◆ DATASET EXCERPTS ◆
**********

(* Let $t \ge 1$ and $b \ge 0$ be integers, $T$ a finite non-empty subset of $\mathbb{Z}^b$, and $f : \mathbb{Z}^b \to \mathbb{Z}$ a function. Then there is a function $g : \mathbb{Z}^b \to \{0,\dots,t-1\}$ such that for each $x \in \mathbb{Z}^b$, $\sum_{y\in T} g(x-y) \equiv f(x) \pmod t$.
   Context: $\mathbb{Z}^0$ is the trivial group. *)

theory Defs
  imports Main "HOL-Number_Theory.Cong"
begin

text \<open>The lattice Z^b, represented as integer sequences vanishing from index b on
  (coordinates 0..b-1).\<close>
definition Zvec :: "nat \<Rightarrow> (nat \<Rightarrow> int) set" where
  "Zvec b = {x. \<forall>i\<ge>b. x i = 0}"

end

theory Submission
  imports Defs "HOL-Library.Function_Algebras"
begin

text \<open>The congruence even holds as an exact equation over \<open>\<int>\<close>, and for any finite
  non-empty set \<open>T\<close> of translations in an abelian group that admits an additive
  \<open>\<phi>\<close> into \<open>\<int>\<close> injective on \<open>T\<close>. Let \<open>a\<close> and \<open>c\<close> be the elements of \<open>T\<close> where \<open>\<phi>\<close> is
  minimal and maximal, and set \<open>g = 0\<close> on the window \<open>0 \<le> \<phi> z < \<phi> c - \<phi> a\<close>. Above the
  window the equation at \<open>x = z + a\<close> determines \<open>g z\<close> from values of \<open>g\<close> at lower
  levels that do not drop below the window; below the window the equation at \<open>x = z + c\<close>
  determines \<open>g z\<close> from higher levels that do not rise above it. On \<open>\<int>\<^sup>b\<close> such a \<open>\<phi>\<close>
  is \<open>x \<mapsto> \<Sum>\<^sub>i x\<^sub>i M\<^sup>i\<close> for a large base \<open>M\<close>.\<close>

locale extremal_translates =
  fixes \<phi> :: "'a::ab_group_add \<Rightarrow> int" and T :: "'a set" and a c :: 'a
  assumes diff: "\<And>x y. \<phi> (x - y) = \<phi> x - \<phi> y"
    and finite: "finite T"
    and a_in: "a \<in> T" and c_in: "c \<in> T"
    and a_least: "\<And>y. y \<in> T \<Longrightarrow> y \<noteq> a \<Longrightarrow> \<phi> a < \<phi> y"
    and c_greatest: "\<And>y. y \<in> T \<Longrightarrow> y \<noteq> c \<Longrightarrow> \<phi> y < \<phi> c"
begin

lemma add: "\<phi> (x + y) = \<phi> x + \<phi> y"
  using diff[of "x + y" y] by simp

lemma bounds: "y \<in> T \<Longrightarrow> \<phi> a \<le> \<phi> y \<and> \<phi> y \<le> \<phi> c"
  using a_least[of y] c_greatest[of y] by fastforce

definition height :: "'a \<Rightarrow> int" where
  "height z = (if \<phi> c - \<phi> a \<le> \<phi> z then \<phi> z else if \<phi> z < 0 then - \<phi> z else 0)"

function solution :: "('a \<Rightarrow> 'b::ab_group_add) \<Rightarrow> 'a \<Rightarrow> 'b" where
  "solution f z =
     (if \<phi> c - \<phi> a \<le> \<phi> z then f (z + a) - (\<Sum>y\<in>T - {a}. solution f (z + a - y))
      else if \<phi> z < 0 then f (z + c) - (\<Sum>y\<in>T - {c}. solution f (z + c - y))
      else 0)"
  by auto
termination
proof (relation "measure (\<lambda>(f, z). nat (height z))")
  fix f :: "'a \<Rightarrow> 'b" and z y
  assume "\<phi> c - \<phi> a \<le> \<phi> z" "y \<in> T - {a}"
  with a_least[of y] bounds[of y]
  show "((f, z + a - y), f, z) \<in> measure (\<lambda>(f, z). nat (height z))"
    by (auto simp: height_def diff add)
next
  fix f :: "'a \<Rightarrow> 'b" and z y
  assume "\<not> \<phi> c - \<phi> a \<le> \<phi> z" "\<phi> z < 0" "y \<in> T - {c}"
  with c_greatest[of y] bounds[of y]
  show "((f, z + c - y), f, z) \<in> measure (\<lambda>(f, z). nat (height z))"
    by (auto simp: height_def diff add)
qed simp

declare solution.simps [simp del]

lemma sum_translates_solution: "(\<Sum>y\<in>T. solution f (x - y)) = f x"
proof (cases "\<phi> c \<le> \<phi> x")
  case True
  then have "solution f (x - a) = f x - (\<Sum>y\<in>T - {a}. solution f (x - y))"
    by (subst solution.simps) (simp add: diff algebra_simps)
  moreover have "(\<Sum>y\<in>T. solution f (x - y)) =
      solution f (x - a) + (\<Sum>y\<in>T - {a}. solution f (x - y))"
    by (rule sum.remove[OF finite a_in])
  ultimately show ?thesis
    by simp
next
  case False
  then have "solution f (x - c) = f x - (\<Sum>y\<in>T - {c}. solution f (x - y))"
    using bounds[OF a_in] by (subst solution.simps) (simp add: diff algebra_simps)
  moreover have "(\<Sum>y\<in>T. solution f (x - y)) =
      solution f (x - c) + (\<Sum>y\<in>T - {c}. solution f (x - y))"
    by (rule sum.remove[OF finite c_in])
  ultimately show ?thesis
    by simp
qed

end

lemma sum_translates_surjective:
  fixes \<phi> :: "'a::ab_group_add \<Rightarrow> int" and f :: "'a \<Rightarrow> 'b::ab_group_add"
  assumes diff: "\<And>x y. \<phi> (x - y) = \<phi> x - \<phi> y"
    and "finite T" "T \<noteq> {}" and inj: "inj_on \<phi> T"
  shows "\<exists>g. \<forall>x. (\<Sum>y\<in>T. g (x - y)) = f x"
proof -
  have fin: "finite (\<phi> ` T)" and ne: "\<phi> ` T \<noteq> {}"
    using assms by auto
  obtain a where a: "a \<in> T" "\<phi> a = Min (\<phi> ` T)"
    using Min_in[OF fin ne] by auto
  obtain c where c: "c \<in> T" "\<phi> c = Max (\<phi> ` T)"
    using Max_in[OF fin ne] by auto
  have "extremal_translates \<phi> T a c"
  proof
    fix y assume "y \<in> T" "y \<noteq> a"
    then show "\<phi> a < \<phi> y"
      using a fin inj_onD[OF inj, of y a] by (metis Min_le image_eqI order_le_neq_trans)
  next
    fix y assume "y \<in> T" "y \<noteq> c"
    then show "\<phi> y < \<phi> c"
      using c fin inj_onD[OF inj, of y c] by (metis Max_ge image_eqI order_le_neq_trans)
  qed (use assms a c in auto)
  then show ?thesis
    using extremal_translates.sum_translates_solution by blast
qed

lemma abs_sum_digits_less:
  fixes d :: "nat \<Rightarrow> int"
  assumes "\<And>i. i < n \<Longrightarrow> \<bar>d i\<bar> < M"
  shows "\<bar>\<Sum>i<n. d i * M ^ i\<bar> < M ^ n"
  using assms
proof (induction n)
  case 0
  then show ?case by simp
next
  case (Suc n)
  have "0 < M"
    using Suc.prems[of n] by linarith
  have "\<bar>\<Sum>i<Suc n. d i * M ^ i\<bar> \<le> \<bar>\<Sum>i<n. d i * M ^ i\<bar> + \<bar>d n * M ^ n\<bar>"
    by (simp add: abs_triangle_ineq)
  also have "\<dots> = \<bar>\<Sum>i<n. d i * M ^ i\<bar> + \<bar>d n\<bar> * M ^ n"
    using \<open>0 < M\<close> by (simp add: abs_mult)
  also have "\<dots> \<le> (M ^ n - 1) + (M - 1) * M ^ n"
    using Suc by (intro add_mono mult_right_mono) auto
  finally show ?case
    by (simp add: algebra_simps)
qed

lemma sum_digits_eq_0:
  fixes d :: "nat \<Rightarrow> int"
  assumes "\<And>i. i < n \<Longrightarrow> \<bar>d i\<bar> < M" and "(\<Sum>i<n. d i * M ^ i) = 0" and "i < n"
  shows "d i = 0"
  using assms
proof (induction n)
  case 0
  then show ?case by simp
next
  case (Suc n)
  have "d n = 0"
  proof (rule ccontr)
    assume "d n \<noteq> 0"
    have "M ^ n \<le> \<bar>d n * M ^ n\<bar>"
      using \<open>d n \<noteq> 0\<close> Suc.prems(1)[of 0] by (auto simp: abs_mult)
    also have "\<dots> = \<bar>\<Sum>i<n. d i * M ^ i\<bar>"
      using Suc.prems(2) by simp
    also have "\<dots> < M ^ n"
      using Suc.prems(1) by (intro abs_sum_digits_less) auto
    finally show False by simp
  qed
  then show ?case
    using Suc by (cases "i = n") auto
qed

lemma Zvec_injective_additive_functional:
  assumes "finite T" and "T \<subseteq> Zvec b"
  shows "\<exists>\<phi> :: (nat \<Rightarrow> int) \<Rightarrow> int. (\<forall>x y. \<phi> (x - y) = \<phi> x - \<phi> y) \<and> inj_on \<phi> T"
proof -
  define K where "K = (\<Sum>y\<in>T. \<Sum>i<b. \<bar>y i\<bar>)"
  define M where "M = 2 * K + 1"
  define \<phi> where "\<phi> x = (\<Sum>i<b. x i * M ^ i)" for x :: "nat \<Rightarrow> int"
  have diff: "\<phi> (x - y) = \<phi> x - \<phi> y" for x y
    by (simp add: \<phi>_def left_diff_distrib sum_subtractf)
  have bound: "\<bar>y i\<bar> \<le> K" if "y \<in> T" "i < b" for y i
  proof -
    have "\<bar>y i\<bar> \<le> (\<Sum>i<b. \<bar>y i\<bar>)"
      using that by (intro member_le_sum) auto
    also have "\<dots> \<le> K"
      unfolding K_def using that assms(1) by (intro member_le_sum) auto
    finally show ?thesis .
  qed
  have "inj_on \<phi> T"
  proof (rule inj_onI)
    fix x y assume x: "x \<in> T" and y: "y \<in> T" and "\<phi> x = \<phi> y"
    then have "(\<Sum>i<b. (x i - y i) * M ^ i) = 0"
      using diff[of x y] by (simp add: \<phi>_def)
    moreover have "\<bar>x i - y i\<bar> < M" if "i < b" for i
      using bound[OF x that] bound[OF y that] unfolding M_def by arith
    ultimately have "x i = y i" if "i < b" for i
      using sum_digits_eq_0[of b "\<lambda>i. x i - y i" M i] that by auto
    moreover have "x i = y i" if "b \<le> i" for i
      using subsetD[OF assms(2) x] subsetD[OF assms(2) y] that by (simp add: Zvec_def)
    ultimately show "x = y"
      by (meson ext not_le)
  qed
  with diff show ?thesis
    by blast
qed

theorem proposition14:
  fixes t :: int and b :: nat and T :: "(nat \<Rightarrow> int) set"
    and f :: "(nat \<Rightarrow> int) \<Rightarrow> int"
  assumes "t \<ge> 1" and "finite T" and "T \<noteq> {}" and "T \<subseteq> Zvec b"
  shows "\<exists>g :: (nat \<Rightarrow> int) \<Rightarrow> int.
           (\<forall>x\<in>Zvec b. g x \<in> {0..<t}) \<and>
           (\<forall>x\<in>Zvec b. [(\<Sum>y\<in>T. g (x - y)) = f x] (mod t))"
proof -
  obtain \<phi> :: "(nat \<Rightarrow> int) \<Rightarrow> int"
    where "\<And>x y. \<phi> (x - y) = \<phi> x - \<phi> y" and "inj_on \<phi> T"
    using Zvec_injective_additive_functional[OF assms(2,4)] by blast
  then obtain g where g: "\<And>x. (\<Sum>y\<in>T. g (x - y)) = f x"
    using sum_translates_surjective[of \<phi> T f] assms(2,3) by blast
  show ?thesis
  proof (intro exI[of _ "\<lambda>z. g z mod t"] conjI ballI)
    fix x
    show "g x mod t \<in> {0..<t}"
      using assms(1) by simp
    have "[(\<Sum>y\<in>T. g (x - y) mod t) = (\<Sum>y\<in>T. g (x - y))] (mod t)"
      by (rule cong_sum) (simp add: cong_def)
    then show "[(\<Sum>y\<in>T. g (x - y) mod t) = f x] (mod t)"
      by (simp add: g)
  qed
qed

end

**********

◆ AIM OF THE TASK ◆
Please repeat each line from the one with "(\<forall>x\<in>Zvec b. [(\<Sum>y\<in>T." through the last line of the data above, and add nothing.

◆ ANSWER BOX ◆
           (\<forall>x\<in>Zvec b. [(\<Sum>y\<in>T. g (x - y)) = f x] (mod t))"
proof -
  obtain \<phi> :: "(nat \<Rightarrow> int) \<Rightarrow> int"
    where "\<And>x y. \<phi> (x - y) = \<phi> x - \<phi> y" and "inj_on \<phi> T"
    using Zvec_injective_additive_functional[OF assms(2,4)] by blast
  then obtain g where g: "\<And>x. (\<Sum>y\<in>T. g (x - y)) = f x"
    using sum_translates_surjective[of \<phi> T f] assms(2,3) by blast
  show ?thesis
  proof (intro exI[of _ "\<lambda>z. g z mod t"] conjI ballI)
    fix x
    show "g x mod t \<in> {0..<t}"
      using assms(1) by simp
    have "[(\<Sum>y\<in>T. g (x - y) mod t) = (\<Sum>y\<in>T. g (x - y))] (mod t)"
      by (rule cong_sum) (simp add: cong_def)
    then show "[(\<Sum>y\<in>T. g (x - y) mod t) = f x] (mod t)"
      by (simp add: g)
  qed
qed

end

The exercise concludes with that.